WHAT IS EXPECTED: From the material below, list every line containing "assumes".

INPUT RECORDS:

────────────────

lemma set_take_Suc_drop:
  assumes "distinct L" "q < length L"
  shows "set (take (Suc q) L) \<inter> set (drop q L) = {L ! q}"
    and "set (take (Suc q) L) \<union> set (drop q L) = set L"
proof -
  have L: "L = take q L @ L ! q # drop (Suc q) L"
    using id_take_nth_drop[OF assms(2)] .
  have "take (Suc q) L = take q L @ [L ! q]" "drop q L = L ! q # drop (Suc q) L"
    using take_Suc_conv_app_nth[OF assms(2)] Cons_nth_drop_Suc[OF assms(2)] by simp_all
  moreover have "distinct (take q L @ L ! q # drop (Suc q) L)"
    using assms(1) L by simp
  then have "set (take q L) \<inter> set (drop (Suc q) L) = {}"
    "L ! q \<notin> set (take q L)" "L ! q \<notin> set (drop (Suc q) L)"
    by auto
  moreover have "set L = set (take q L) \<union> {L ! q} \<union> set (drop (Suc q) L)"
    using arg_cong[OF L, of set] by simp
  ultimately show "set (take (Suc q) L) \<inter> set (drop q L) = {L ! q}"
    and "set (take (Suc q) L) \<union> set (drop q L) = set L"
    by auto
qed

lemma hole_split_at:
  assumes L: "hole E L" and q: "0 < q" "Suc q < length L"
  shows "ipath E (take (Suc q) L)" "hd (take (Suc q) L) = L ! 0" "last (take (Suc q) L) = L ! q"
    and "ipath E (drop q L)" "hd (drop q L) = L ! q" "last (drop q L) = L ! (length L - 1)"
    and "set (take (Suc q) L) \<inter> set (drop q L) = {L ! q}"
    and "set (take (Suc q) L) \<union> set (drop q L) = set L"
proof -
  have "L \<noteq> []"
    using q by auto
  with q have "take (Suc q) L \<noteq> []" "drop q L \<noteq> []"
    by simp_all
  then show "ipath E (take (Suc q) L)" "hd (take (Suc q) L) = L ! 0" "last (take (Suc q) L) = L ! q"
    and "ipath E (drop q L)" "hd (drop q L) = L ! q" "last (drop q L) = L ! (length L - 1)"
    using ipath_take_hole[OF L, of "Suc q"] ipath_drop_hole[OF L, of q] q
    by (auto simp: hd_conv_nth last_conv_nth hd_drop_conv_nth)
  show "set (take (Suc q) L) \<inter> set (drop q L) = {L ! q}"
    and "set (take (Suc q) L) \<union> set (drop q L) = set L"
    using set_take_Suc_drop[OF hole_distinct[OF L], of q] q by simp_all
qed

────────────────

EXERCISE RESULT:
  assumes "distinct L" "q < length L"
  assumes L: "hole E L" and q: "0 < q" "Suc q < length L"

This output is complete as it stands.